- Information
theorem mainTheorem7:
  fixes N :: nat and D1 D2 :: "nat set" and R :: "nat pmf"
    and S1 G1 :: "'a pmf" and S2 G2 :: "'b pmf"
    and \<alpha>1 \<alpha>2 :: real and tb :: "nat \<Rightarrow> nat"
  assumes N: "N \<ge> 1"
    and part: "D1 \<union> D2 = {1..N}" "D1 \<inter> D2 = {}"
    and Rrange: "set_pmf R \<subseteq> {0..N}"
    and supp1: "\<And>e. pmf S1 e > 0 \<Longrightarrow> pmf G1 e > 0"
    and supp2: "\<And>e. pmf S2 e > 0 \<Longrightarrow> pmf G2 e > 0"
    and posD: "measure_pmf.prob R {1..N} > 0"
    and a1: "0 < \<alpha>1" "\<alpha>1 \<le> 1"
    and a2: "0 < \<alpha>2" "\<alpha>2 \<le> 1"
    and tb: "inj_on tb {1..N}"
  shows
   "(let J = joint N D1 R S1 G1 S2 G2;
         LRv = LRsum S1 G1 S2 G2;
         pD = measure_pmf.prob R {1..N};
         rhs = \<alpha>1 * (measure_pmf.prob R D1 / pD) + \<alpha>2 * (measure_pmf.prob R D2 / pD);
         t1 = threshold S1 G1 \<alpha>1;
         t2 = threshold S2 G2 \<alpha>2;
         Dsel = (\<lambda>Dj \<alpha>j x. if measure_pmf.prob R Dj > 0
                   then top_segment Dj (\<lambda>i. LRv (x i) * pmf R i) tb \<alpha>j else {})
     in
      measure_pmf.prob J
         {(k, x). (k \<in> D1 \<and> LRv (x k) \<ge> t1) \<or> (k \<in> D2 \<and> LRv (x k) \<ge> t2)} / pD \<ge> rhs
    \<and> measure_pmf.prob J
         {(k, x). k \<in> Dsel D1 \<alpha>1 x \<union> Dsel D2 \<alpha>2 x} / pD \<ge> rhs)"
proof -
  interpret database_model N D1 D2 R S1 G1 S2 G2
    using part Rrange supp1 supp2 by unfold_locales auto
  let ?pD = "measure_pmf.prob R {1..N}"
  let ?lower = "\<alpha>1 * measure_pmf.prob R D1 + \<alpha>2 * measure_pmf.prob R D2"
  have rhs: "\<alpha>1 * (measure_pmf.prob R D1 / ?pD) + \<alpha>2 * (measure_pmf.prob R D2 / ?pD) = ?lower / ?pD"
    by (simp add: add_divide_distrib)
  note a = threshold_rule_bound[OF a1 a2]
  note b = top_segment_rule_bound[OF a1 a2 tb, unfolded selected_def]
  show ?thesis
    unfolding Let_def rhs
    using divide_right_mono[OF a, of ?pD] divide_right_mono[OF b, of ?pD] posD by simp
qed

end
lemma limit_exists_if_dist_le:
  fixes g :: "'a::{perfect_space,metric_space} \<Rightarrow> 'b::complete_space"
  assumes "0 < d"
    and bound: "\<And>x y. x \<noteq> m \<Longrightarrow> y \<noteq> m \<Longrightarrow> dist x m < d \<Longrightarrow> dist y m < d \<Longrightarrow>
      dist (g x) (g y) \<le> C * (dist x m + dist y m)"
  shows "\<exists>L. (g \<longlongrightarrow> L) (at m)"
proof -
  have cauchy: "cauchy_filter (filtermap g (at m))"
    unfolding cauchy_filter_metric_filtermap
  proof (intro allI impI)
    fix e :: real
    assume "e > 0"
    define r where "r = min d (e / (2 * (\<bar>C\<bar> + 1)))"
    have "r > 0"
      using \<open>0 < d\<close> \<open>e > 0\<close> by (simp add: r_def)
    have "r \<le> e / (2 * (\<bar>C\<bar> + 1))"
      by (simp add: r_def)
    then have "2 * r \<le> e / (\<bar>C\<bar> + 1)"
      by (simp add: field_simps)
    have "dist (g x) (g y) < e" if "x \<noteq> m \<and> dist x m < r" "y \<noteq> m \<and> dist y m < r" for x y
    proof -
      have "dist (g x) (g y) \<le> C * (dist x m + dist y m)"
        using that bound by (simp add: r_def)
      also have "\<dots> \<le> \<bar>C\<bar> * (dist x m + dist y m)"
        by (intro mult_right_mono) auto
      also have "\<dots> \<le> \<bar>C\<bar> * (2 * r)"
        using that by (intro mult_left_mono) auto
      also have "\<dots> \<le> \<bar>C\<bar> * (e / (\<bar>C\<bar> + 1))"
        using \<open>2 * r \<le> e / (\<bar>C\<bar> + 1)\<close> by (intro mult_left_mono) auto
      also have "\<dots> < e"
        using \<open>e > 0\<close> by (simp add: field_simps)
      finally show ?thesis .
    qed
    moreover have "eventually (\<lambda>x. x \<noteq> m \<and> dist x m < r) (at m)"
      using \<open>r > 0\<close> by (auto simp: eventually_at)
    ultimately show "\<exists>P. eventually P (at m) \<and> (\<forall>x y. P x \<and> P y \<longrightarrow> dist (g x) (g y) < e)"
      by blast
  qed
  have "\<exists>L. filtermap g (at m) \<le> nhds L"
    by (rule cauchy_filter_complete_converges[OF cauchy complete_UNIV]) (simp_all add: filtermap_bot_iff)
  then show ?thesis
    by (simp add: filterlim_def)
qed

locale ellipse_realization = unitary sc ip U
  for sc :: "complex \<Rightarrow> 'm::ab_group_add \<Rightarrow> 'm" and ip and U +
  fixes \<delta> :: real and f :: "complex \<Rightarrow> complex" and u :: "complex \<Rightarrow> 'm"
  assumes delta_pos: "0 < \<delta>" and delta_lt_1: "\<delta> < 1"
    and realization: "\<forall>lam\<in>G_delta \<delta>. \<forall>mu\<in>G_delta \<delta>.
      1 - cnj (f mu) * f lam =
      ip (u lam - hadj ip (lamU sc ip \<delta> U mu) (lamU sc ip \<delta> U lam (u lam))) (u mu)"
begin

interpretation inv_U: Vector_Spaces.linear sc sc "inv U"
  by (fact linear_inv_U)

lemma half_in_unit_disc: "lam \<in> G_delta \<delta> \<Longrightarrow> cmod (lam / 2) < 1"
  using norm_lt_of_G_delta[OF delta_pos delta_lt_1, of lam] delta_lt_1 by (simp add: norm_divide)

definition res :: "complex \<Rightarrow> 'm \<Rightarrow> 'm" where
  "res z = inv (\<lambda>x. x - sc z (inv U x))"

lemma res_eq: "cmod z < 1 \<Longrightarrow> res z x - sc z (inv U (res z x)) = x"
  using surj_f_inv_f[OF bij_is_surj[OF bij_id_minus_scale_isometry[OF linear_inv_U nrm_inv_U]]]
  unfolding res_def by simp

lemma lamU_eq: "lamU sc ip \<delta> U lam x = sc \<delta> (inv U (res (lam / 2) x)) - sc (lam / 2) (res (lam / 2) x)"
  by (simp add: lamU_def Let_def hadj_U res_def)

lemma ip_hadj_lamU:
  assumes "cmod (lam / 2) < 1"
  shows "ip (hadj ip (lamU sc ip \<delta> U lam) v) w = ip v (lamU sc ip \<delta> U lam w)"
proof -
  define z where "z = lam / 2"
  define res' where "res' = inv (\<lambda>x. x - sc (cnj z) (U x))"
  have res'_eq: "res' x - sc (cnj z) (U (res' x)) = x" for x
    using surj_f_inv_f[OF bij_is_surj[OF bij_id_minus_scale_isometry[OF linear_U nrm_U]]] assms
    unfolding res'_def z_def by simp
  define S where "S x = res' (sc \<delta> (U x) - sc (cnj z) x)" for x
  have adj: "ip (lamU sc ip \<delta> U lam x) x' = ip x (S x')" for x x'
  proof -
    define b where "b = res z x"
    have "ip (lamU sc ip \<delta> U lam x) x' = ip b (sc \<delta> (U x') - sc (cnj z) x')"
      by (simp add: lamU_eq z_def[symmetric] b_def ip_simps ip_inv_U_left)
    also have "\<dots> = ip b (S x' - sc (cnj z) (U (S x')))"
      by (simp add: S_def res'_eq)
    also have "\<dots> = ip (b - sc z (inv U b)) (S x')"
      by (simp add: ip_simps ip_inv_U_left)
    also have "b - sc z (inv U b) = x"
      using res_eq assms by (simp add: b_def z_def)
    finally show ?thesis .
  qed
  have "ip (S v) w = ip v (lamU sc ip \<delta> U lam w)"
    using adj[of w v] ip_swap[of "S v" w] ip_swap[of v "lamU sc ip \<delta> U lam w"] by simp
  then show ?thesis
    using hadj_eqI[OF adj] by simp
qed

lemma kernel_identity:
  assumes "lam \<in> G_delta \<delta>" "mu \<in> G_delta \<delta>"
  shows "ip (u lam) (u mu) - ip (lamU sc ip \<delta> U lam (u lam)) (lamU sc ip \<delta> U mu (u mu))
    = 1 - cnj (f mu) * f lam"
  using realization assms ip_hadj_lamU[OF half_in_unit_disc[OF assms(2)]] by (simp add: ip_diff_left)

definition ru :: "complex \<Rightarrow> 'm" where
  "ru lam = res (lam / 2) (u lam)"

definition ru_half :: "complex \<Rightarrow> 'm" where
  "ru_half lam = sc (lam / 2) (ru lam)"

definition pform :: "'m \<Rightarrow> 'm \<Rightarrow> 'm \<Rightarrow> 'm \<Rightarrow> complex" where
  "pform a a' b b' = ip (a - inv U a') (b - inv U b') - ip (sc \<delta> (inv U a) - a') (sc \<delta> (inv U b) - b')"

lemma pform_ru:
  assumes "lam \<in> G_delta \<delta>" "nu \<in> G_delta \<delta>"
  shows "pform (ru lam) (ru_half lam) (ru nu) (ru_half nu) = 1 - cnj (f nu) * f lam"
proof -
  have u_eq: "u l = ru l - inv U (ru_half l)" if "l \<in> G_delta \<delta>" for l
    using res_eq[OF half_in_unit_disc[OF that]] by (simp add: ru_def ru_half_def inv_U.scale)
  have lamU_u: "lamU sc ip \<delta> U l (u l) = sc \<delta> (inv U (ru l)) - ru_half l" for l
    by (simp add: lamU_eq ru_def ru_half_def)
  have "pform (ru lam) (ru_half lam) (ru nu) (ru_half nu)
      = ip (u lam) (u nu) - ip (lamU sc ip \<delta> U lam (u lam)) (lamU sc ip \<delta> U nu (u nu))"
    by (unfold pform_def lamU_u) (simp only: u_eq[OF assms(1)] u_eq[OF assms(2)])
  then show ?thesis
    using kernel_identity[OF assms] by simp
qed

lemma pform_expand:
  "pform a a' b b' = of_real (1 - \<delta>\<^sup>2) * ip a b - ip a (inv U b') - ip (inv U a') b
     + of_real \<delta> * ip (inv U a) b' + of_real \<delta> * ip a' (inv U b)"
  by (simp add: pform_def ip_simps ip_inv_U_inv_U algebra_simps power2_eq_square)

lemma pform_diff_left: "pform (a - c) (a' - c') b b' = pform a a' b b' - pform c c' b b'"
  by (simp add: pform_expand ip_simps inv_U.diff algebra_simps)

lemma pform_diff_right: "pform a a' (b - c) (b' - c') = pform a a' b b' - pform a a' c c'"
  by (simp add: pform_expand ip_simps inv_U.diff algebra_simps)

lemma pform_scale_left: "pform (sc k a) (sc k a') b b' = k * pform a a' b b'"
  by (simp add: pform_expand ip_simps inv_U.scale algebra_simps)

lemma pform_scale_right: "pform a a' (sc k b) (sc k b') = cnj k * pform a a' b b'"
  by (simp add: pform_expand ip_simps inv_U.scale algebra_simps)

definition coercivity :: "complex \<Rightarrow> real" where
  "coercivity w = 1 - \<delta>\<^sup>2 - 2 * cmod (w - of_real \<delta> * cnj w)"

lemma coercivity_pos:
  assumes "mu \<in> G_delta \<delta>"
  shows "0 < coercivity (mu / 2)"
proof -
  have "mu - of_real \<delta> * cnj mu = 2 * (mu / 2 - of_real \<delta> * cnj (mu / 2))"
    by (simp add: field_simps)
  then have "cmod (mu - of_real \<delta> * cnj mu) = 2 * cmod (mu / 2 - of_real \<delta> * cnj (mu / 2))"
    by (metis norm_mult norm_numeral)
  then show ?thesis
    using G_delta_iff[OF delta_pos delta_lt_1] assms by (simp add: coercivity_def)
qed

lemma Re_pform_coercive:
  "coercivity w * (nrm Y)\<^sup>2 - 2 * (1 + \<delta>) * nrm Y * nrm t \<le> Re (pform Y (sc w Y + t) Y (sc w Y + t))"
proof -
  define p where "p = ip (inv U Y) Y"
  define q where "q = (w - of_real \<delta> * cnj w) * p"
  define a where "a = ip (inv U Y) t"
  define b where "b = ip Y (inv U t)"
  have swaps: "ip Y (inv U Y) = cnj p" "ip t (inv U Y) = cnj a" "ip (inv U t) Y = cnj b"
    unfolding p_def a_def b_def by (rule ip_swap)+
  have "pform Y (sc w Y + t) Y (sc w Y + t)
      = of_real ((1 - \<delta>\<^sup>2) * (nrm Y)\<^sup>2) - (q + cnj q) + of_real \<delta> * (a + cnj a) - (b + cnj b)"
    by (simp add: pform_expand ip_simps inv_U.add inv_U.scale swaps p_def[symmetric] a_def[symmetric]
        b_def[symmetric] q_def ip_self_eq algebra_simps)
  then have split: "Re (pform Y (sc w Y + t) Y (sc w Y + t))
      = (1 - \<delta>\<^sup>2) * (nrm Y)\<^sup>2 - 2 * Re q + 2 * \<delta> * Re a - 2 * Re b"
    by simp
  have "cmod p \<le> (nrm Y)\<^sup>2"
    using cauchy_schwarz[of "inv U Y" Y] by (simp add: p_def nrm_inv_U power2_eq_square)
  then have "Re q \<le> cmod (w - of_real \<delta> * cnj w) * (nrm Y)\<^sup>2"
    using complex_Re_le_cmod[of q] by (simp add: q_def norm_mult mult_left_mono order_trans)
  moreover have "\<bar>Re a\<bar> \<le> nrm Y * nrm t" "\<bar>Re b\<bar> \<le> nrm Y * nrm t"
    using abs_Re_le_cmod[of a] abs_Re_le_cmod[of b] cauchy_schwarz[of "inv U Y" t]
      cauchy_schwarz[of Y "inv U t"]
    by (simp_all add: a_def b_def nrm_inv_U)
  moreover have "- (\<delta> * (nrm Y * nrm t)) \<le> \<delta> * Re a"
    using mult_left_mono[of "- (nrm Y * nrm t)" "Re a" \<delta>] \<open>\<bar>Re a\<bar> \<le> nrm Y * nrm t\<close> delta_pos
    by simp
  ultimately show ?thesis
    unfolding coercivity_def split by (simp add: algebra_simps)
qed

definition dq :: "(complex \<Rightarrow> 'm) \<Rightarrow> complex \<Rightarrow> complex \<Rightarrow> 'm" where
  "dq g mu lam = sc (1 / (lam - mu)) (g lam - g mu)"

definition dqf :: "complex \<Rightarrow> complex \<Rightarrow> complex" where
  "dqf mu lam = (f lam - f mu) / (lam - mu)"

lemma pform_dq:
  assumes "mu \<in> G_delta \<delta>" "lam \<in> G_delta \<delta>" "nu \<in> G_delta \<delta>"
  shows "pform (dq ru mu lam) (dq ru_half mu lam) (dq ru mu nu) (dq ru_half mu nu)
    = - dqf mu lam * cnj (dqf mu nu)"
proof -
  define c where "c = 1 / (lam - mu)"
  define d where "d = 1 / (nu - mu)"
  have "pform (dq ru mu lam) (dq ru_half mu lam) (dq ru mu nu) (dq ru_half mu nu)
      = - (c * (f lam - f mu)) * cnj (d * (f nu - f mu))"
    unfolding dq_def c_def[symmetric] d_def[symmetric]
    by (simp only: pform_scale_left pform_scale_right pform_diff_left pform_diff_right pform_ru assms)
      (simp add: algebra_simps)
  moreover have "c * (f lam - f mu) = dqf mu lam" "d * (f nu - f mu) = dqf mu nu"
    by (simp_all add: c_def d_def dqf_def)
  ultimately show ?thesis
    by simp
qed

lemma Re_pform_dq_diff:
  assumes "mu \<in> G_delta \<delta>" "lam \<in> G_delta \<delta>" "nu \<in> G_delta \<delta>"
  shows "Re (pform (dq ru mu lam - dq ru mu nu) (dq ru_half mu lam - dq ru_half mu nu)
      (dq ru mu lam - dq ru mu nu) (dq ru_half mu lam - dq ru_half mu nu))
    = - (cmod (dqf mu lam - dqf mu nu))\<^sup>2"
proof -
  have "pform (dq ru mu lam - dq ru mu nu) (dq ru_half mu lam - dq ru_half mu nu)
      (dq ru mu lam - dq ru mu nu) (dq ru_half mu lam - dq ru_half mu nu)
    = - of_real ((cmod (dqf mu lam - dqf mu nu))\<^sup>2)"
    unfolding complex_norm_square
    by (simp only: pform_diff_left pform_diff_right pform_dq assms) (simp add: algebra_simps)
  then show ?thesis
    by simp
qed

lemma dq_ru_half_split:
  assumes "lam \<noteq> mu"
  shows "dq ru_half mu lam
    = sc (mu / 2) (dq ru mu lam) + (sc ((lam - mu) / 2) (dq ru mu lam) + sc (1 / 2) (ru mu))"
proof -
  define c where "c = 1 / (lam - mu)"
  have "sc (mu / 2) (dq ru mu lam) + (sc ((lam - mu) / 2) (dq ru mu lam) + sc (1 / 2) (ru mu))
      = sc (lam / 2) (dq ru mu lam) + sc (1 / 2) (ru mu)"
    by (simp add: add.assoc[symmetric] scale_left_distrib[symmetric] add_divide_distrib[symmetric])
  also have "\<dots> = sc (lam / 2 * c) (ru lam) - sc (lam / 2 * c - 1 / 2) (ru mu)"
    by (simp add: dq_def c_def[symmetric] scale_right_diff_distrib scale_left_diff_distrib)
  also have "lam / 2 * c - 1 / 2 = mu / 2 * c"
    using assms by (simp add: c_def field_simps)
  finally show ?thesis
    by (simp add: dq_def ru_half_def c_def[symmetric] scale_right_diff_distrib mult.commute)
qed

- What to work on
Taking the entries above, write out exactly the lines starting with the line containing "rhs = \<alpha>1" and going on through the line containing "Dsel = (\<lambda>Dj", both included, and nothing else.

- Written response
         rhs = \<alpha>1 * (measure_pmf.prob R D1 / pD) + \<alpha>2 * (measure_pmf.prob R D2 / pD);
         t1 = threshold S1 G1 \<alpha>1;
         t2 = threshold S2 G2 \<alpha>2;
         Dsel = (\<lambda>Dj \<alpha>j x. if measure_pmf.prob R Dj > 0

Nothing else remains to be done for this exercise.